(EXERCISE REQUIREMENTS): Please output the section of the listing below that opens with the line containing "C \<Longrightarrow> t x" and closes with the line containing "using functor_T unfolding functor_def by blast+", exactly and with nothing else.

(AVAILABLE DATA):
= Beginning of Section =

lemma functor_T: "functor C t tm"
  using monad unfolding monad_def by blast

lemma t_obj[simp]: "x \<in> Obj C \<Longrightarrow> t x \<in> Obj C"
  and tm_id[simp]: "x \<in> Obj C \<Longrightarrow> tm (i x) = i (t x)"
  using functor_T unfolding functor_def by blast+

lemma tm_arr[simp]: "f \<in> Arr C \<Longrightarrow> tm f \<in> Arr C"
  and tm_dom[simp]: "f \<in> Arr C \<Longrightarrow> Dom C (tm f) = t (Dom C f)"
  and tm_cod[simp]: "f \<in> Arr C \<Longrightarrow> Cod C (tm f) = t (Cod C f)"
  using functor_T unfolding functor_def in_hom_iff by blast+

lemma tm_comp: "f \<in> Arr C \<Longrightarrow> g \<in> Arr C \<Longrightarrow> Cod C f = Dom C g \<Longrightarrow> tm (g \<cdot> f) = tm g \<cdot> tm f"
  using functor_T unfolding functor_def by blast

lemma mu_arr[simp]: "x \<in> Obj C \<Longrightarrow> mu x \<in> Arr C"
  and mu_dom[simp]: "x \<in> Obj C \<Longrightarrow> Dom C (mu x) = t (t x)"
  and mu_cod[simp]: "x \<in> Obj C \<Longrightarrow> Cod C (mu x) = t x"
  and eta_arr[simp]: "x \<in> Obj C \<Longrightarrow> eta x \<in> Arr C"
  and eta_dom[simp]: "x \<in> Obj C \<Longrightarrow> Dom C (eta x) = x"
  and eta_cod[simp]: "x \<in> Obj C \<Longrightarrow> Cod C (eta x) = t x"
  using monad unfolding monad_def in_hom_iff by blast+

lemma algebra_iff: "algebra C T (a, al) \<longleftrightarrow> a \<in> Obj C \<and> al \<in> Arr C \<and> Dom C al = t a \<and> Cod C al = a \<and>
    al \<cdot> eta a = i a \<and> al \<cdot> tm al = al \<cdot> mu a"
  by (auto simp: algebra_def in_hom_iff)

lemma algebraD: "algebra C T A \<Longrightarrow> fst A \<in> Obj C \<and> snd A \<in> Arr C \<and> Dom C (snd A) = t (fst A) \<and>
    Cod C (snd A) = fst A \<and> snd A \<cdot> eta (fst A) = i (fst A) \<and> snd A \<cdot> tm (snd A) = snd A \<cdot> mu (fst A)"
  by (cases A) (simp add: algebra_iff)

lemma alg_hom_iff: "alg_hom C T A B f \<longleftrightarrow> algebra C T A \<and> algebra C T B \<and> f \<in> Arr C \<and>
    Dom C f = fst A \<and> Cod C f = fst B \<and> f \<cdot> snd A = snd B \<cdot> tm f"
  by (auto simp: alg_hom_def in_hom_iff)

lemma alg_hom_id: "algebra C T A \<Longrightarrow> alg_hom C T A A (i (fst A))"
  by (simp add: alg_hom_iff algebraD)

lemma alg_hom_comp:
  assumes f: "alg_hom C T A B f" and g: "alg_hom C T B D g"
  shows "alg_hom C T A D (g \<cdot> f)"
proof -
  note F = f[unfolded alg_hom_iff] and G = g[unfolded alg_hom_iff]
  have g_act: "g \<cdot> snd B = snd D \<cdot> tm g"
    using G by simp
  have "(g \<cdot> f) \<cdot> snd A = snd D \<cdot> tm (g \<cdot> f)"
    using F G algebraD[of A] algebraD[of B] algebraD[of D] by (simp add: comp_reassoc[OF g_act] tm_comp)
  then show ?thesis
    using F G algebraD[of A] algebraD[of D] by (simp add: alg_hom_iff)
qed

lemma category_EM: "category (EM C T)"
  unfolding category_def
proof (intro conjI ballI impI)
  fix p assume "p \<in> Arr (EM C T)"
  then show "Dom (EM C T) p \<in> Obj (EM C T)" "Cod (EM C T) p \<in> Obj (EM C T)"
    by (simp_all add: alg_hom_iff)
next
  fix A assume "A \<in> Obj (EM C T)"
  then show "Idt (EM C T) A \<in> hom (EM C T) A A"
    by (simp add: in_hom_iff alg_hom_id)
next
  fix p q assume "p \<in> Arr (EM C T)" "q \<in> Arr (EM C T)" "Cod (EM C T) p = Dom (EM C T) q"
  then show "Cmp (EM C T) q p \<in> hom (EM C T) (Dom (EM C T) p) (Cod (EM C T) q)"
    by (simp add: in_hom_iff) (metis alg_hom_comp)
next
  fix p assume "p \<in> Arr (EM C T)"
  then show "Cmp (EM C T) p (Idt (EM C T) (Dom (EM C T) p)) = p"
    and "Cmp (EM C T) (Idt (EM C T) (Cod (EM C T) p)) p = p"
    by (simp_all add: alg_hom_iff prod_eq_iff)
next
  fix p q r assume "p \<in> Arr (EM C T)" "q \<in> Arr (EM C T)" "r \<in> Arr (EM C T)"
    "Cod (EM C T) p = Dom (EM C T) q" "Cod (EM C T) q = Dom (EM C T) r"
  then show "Cmp (EM C T) r (Cmp (EM C T) q p) = Cmp (EM C T) (Cmp (EM C T) r q) p"
    by (simp add: alg_hom_iff)
qed

lemma alg_hom_cinv:
  assumes h: "alg_hom C T A B f" and fi: "iso C f"
  shows "alg_hom C T B A (cinv C f)"
proof -
  note H = h[unfolded alg_hom_iff] and a = algebraD[of A] and b = algebraD[of B]
  let ?g = "cinv C f"
  have g1: "?g \<cdot> f = i (fst A)" "f \<cdot> ?g = i (fst B)"
    using cinv_comp_left[OF fi] cinv_comp_right[OF fi] H by simp_all
  have ga: "?g \<in> Arr C" "Dom C ?g = fst B" "Cod C ?g = fst A"
    using fi H by simp_all
  have tt: "tm f \<cdot> tm ?g = i (t (fst B))"
    using H ga a b g1 by (simp add: tm_comp[symmetric])
  have f_act: "f \<cdot> snd A = snd B \<cdot> tm f"
    using H by simp
  have "?g \<cdot> snd B = ?g \<cdot> (snd B \<cdot> (tm f \<cdot> tm ?g))"
    using ga H a b tt by simp
  also have "\<dots> = ?g \<cdot> (f \<cdot> (snd A \<cdot> tm ?g))"
    using ga H a b tt by (simp add: comp_reassoc[OF f_act])
  also have "\<dots> = (?g \<cdot> f) \<cdot> (snd A \<cdot> tm ?g)"
    using ga H a b by simp
  also have "\<dots> = snd A \<cdot> tm ?g"
    using ga H a b by (simp add: g1)
  finally show ?thesis
    using ga H a b by (simp add: alg_hom_iff)
qed

lemma iso_EM:
  assumes p: "p \<in> Arr (EM C T)" and iso: "iso C (snd (snd p))"
  shows "iso (EM C T) p \<and> cinv (EM C T) p = (fst (snd p), fst p, cinv C (snd (snd p)))"
proof -
  obtain A B f where pe: "p = (A, B, f)"
    by (cases p) auto
  have h: "alg_hom C T A B f" and fi: "iso C f"
    using p iso pe by simp_all
  interpret EM: categorical "EM C T"
    by unfold_locales (rule category_EM)
  have inv: "inverse_arr (EM C T) p (B, A, cinv C f)"
    unfolding inverse_arr_def using h alg_hom_cinv[OF h fi] cinv_comp_left[OF fi] cinv_comp_right[OF fi] pe
    by (simp add: in_hom_iff alg_hom_iff)
  then have "iso (EM C T) p"
    unfolding iso_def by blast
  then show ?thesis
    using EM.cinv_eq[OF inv] pe by simp
qed

end

locale monoidal_cat =
  fixes C :: "('o,'m) cat" and M :: "('o,'m) mon"
  assumes monoidal: "monoidal C M"
begin

sublocale categorical C
  using monoidal unfolding monoidal_def by unfold_locales blast

abbreviation ten (infixr "\<otimes>" 60) where "x \<otimes> y \<equiv> Ten M x y"
abbreviation tenm (infixr "\<odot>" 60) where "f \<odot> g \<equiv> TenM M f g"
abbreviation I where "I \<equiv> MUnit M"

lemma bifunctor: "bifunctor C (Ten M) (TenM M)"
  using monoidal unfolding monoidal_def by blast

lemma ten_obj[simp]: "x \<in> Obj C \<Longrightarrow> y \<in> Obj C \<Longrightarrow> x \<otimes> y \<in> Obj C"
  and tenm_id[simp]: "x \<in> Obj C \<Longrightarrow> y \<in> Obj C \<Longrightarrow> i x \<odot> i y = i (x \<otimes> y)"
  using bifunctor unfolding bifunctor_def by blast+

lemma tenm_arr[simp]: "f \<in> Arr C \<Longrightarrow> g \<in> Arr C \<Longrightarrow> f \<odot> g \<in> Arr C"
  and tenm_dom[simp]: "f \<in> Arr C \<Longrightarrow> g \<in> Arr C \<Longrightarrow> Dom C (f \<odot> g) = Dom C f \<otimes> Dom C g"
  and tenm_cod[simp]: "f \<in> Arr C \<Longrightarrow> g \<in> Arr C \<Longrightarrow> Cod C (f \<odot> g) = Cod C f \<otimes> Cod C g"
  using bifunctor unfolding bifunctor_def in_hom_iff by blast+

lemma tenm_comp: "f \<in> Arr C \<Longrightarrow> f' \<in> Arr C \<Longrightarrow> g \<in> Arr C \<Longrightarrow> g' \<in> Arr C \<Longrightarrow>
    Cod C f = Dom C f' \<Longrightarrow> Cod C g = Dom C g' \<Longrightarrow> (f' \<cdot> f) \<odot> (g' \<cdot> g) = (f' \<odot> g') \<cdot> (f \<odot> g)"
  using bifunctor unfolding bifunctor_def by blast

lemma tenm_comp_assoc: "f \<in> Arr C \<Longrightarrow> f' \<in> Arr C \<Longrightarrow> g \<in> Arr C \<Longrightarrow> g' \<in> Arr C \<Longrightarrow>
    Cod C f = Dom C f' \<Longrightarrow> Cod C g = Dom C g' \<Longrightarrow> r \<in> Arr C \<Longrightarrow> Cod C r = Dom C f \<otimes> Dom C g \<Longrightarrow>
    (f' \<odot> g') \<cdot> ((f \<odot> g) \<cdot> r) = ((f' \<cdot> f) \<odot> (g' \<cdot> g)) \<cdot> r"
  by (simp add: tenm_comp)

lemma unit_obj[simp]: "I \<in> Obj C"
  using monoidal unfolding monoidal_def by blast

lemma asc_arr[simp]: "x \<in> Obj C \<Longrightarrow> y \<in> Obj C \<Longrightarrow> z \<in> Obj C \<Longrightarrow> Asc M x y z \<in> Arr C"
  and asc_dom[simp]: "x \<in> Obj C \<Longrightarrow> y \<in> Obj C \<Longrightarrow> z \<in> Obj C \<Longrightarrow> Dom C (Asc M x y z) = (x \<otimes> y) \<otimes> z"
  and asc_cod[simp]: "x \<in> Obj C \<Longrightarrow> y \<in> Obj C \<Longrightarrow> z \<in> Obj C \<Longrightarrow> Cod C (Asc M x y z) = x \<otimes> (y \<otimes> z)"
  and asc_iso: "x \<in> Obj C \<Longrightarrow> y \<in> Obj C \<Longrightarrow> z \<in> Obj C \<Longrightarrow> iso C (Asc M x y z)"
  using monoidal unfolding monoidal_def in_hom_iff by blast+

= End of Section =

(REPLY TO THE TASK):
lemma t_obj[simp]: "x \<in> Obj C \<Longrightarrow> t x \<in> Obj C"
  and tm_id[simp]: "x \<in> Obj C \<Longrightarrow> tm (i x) = i (t x)"
  using functor_T unfolding functor_def by blast+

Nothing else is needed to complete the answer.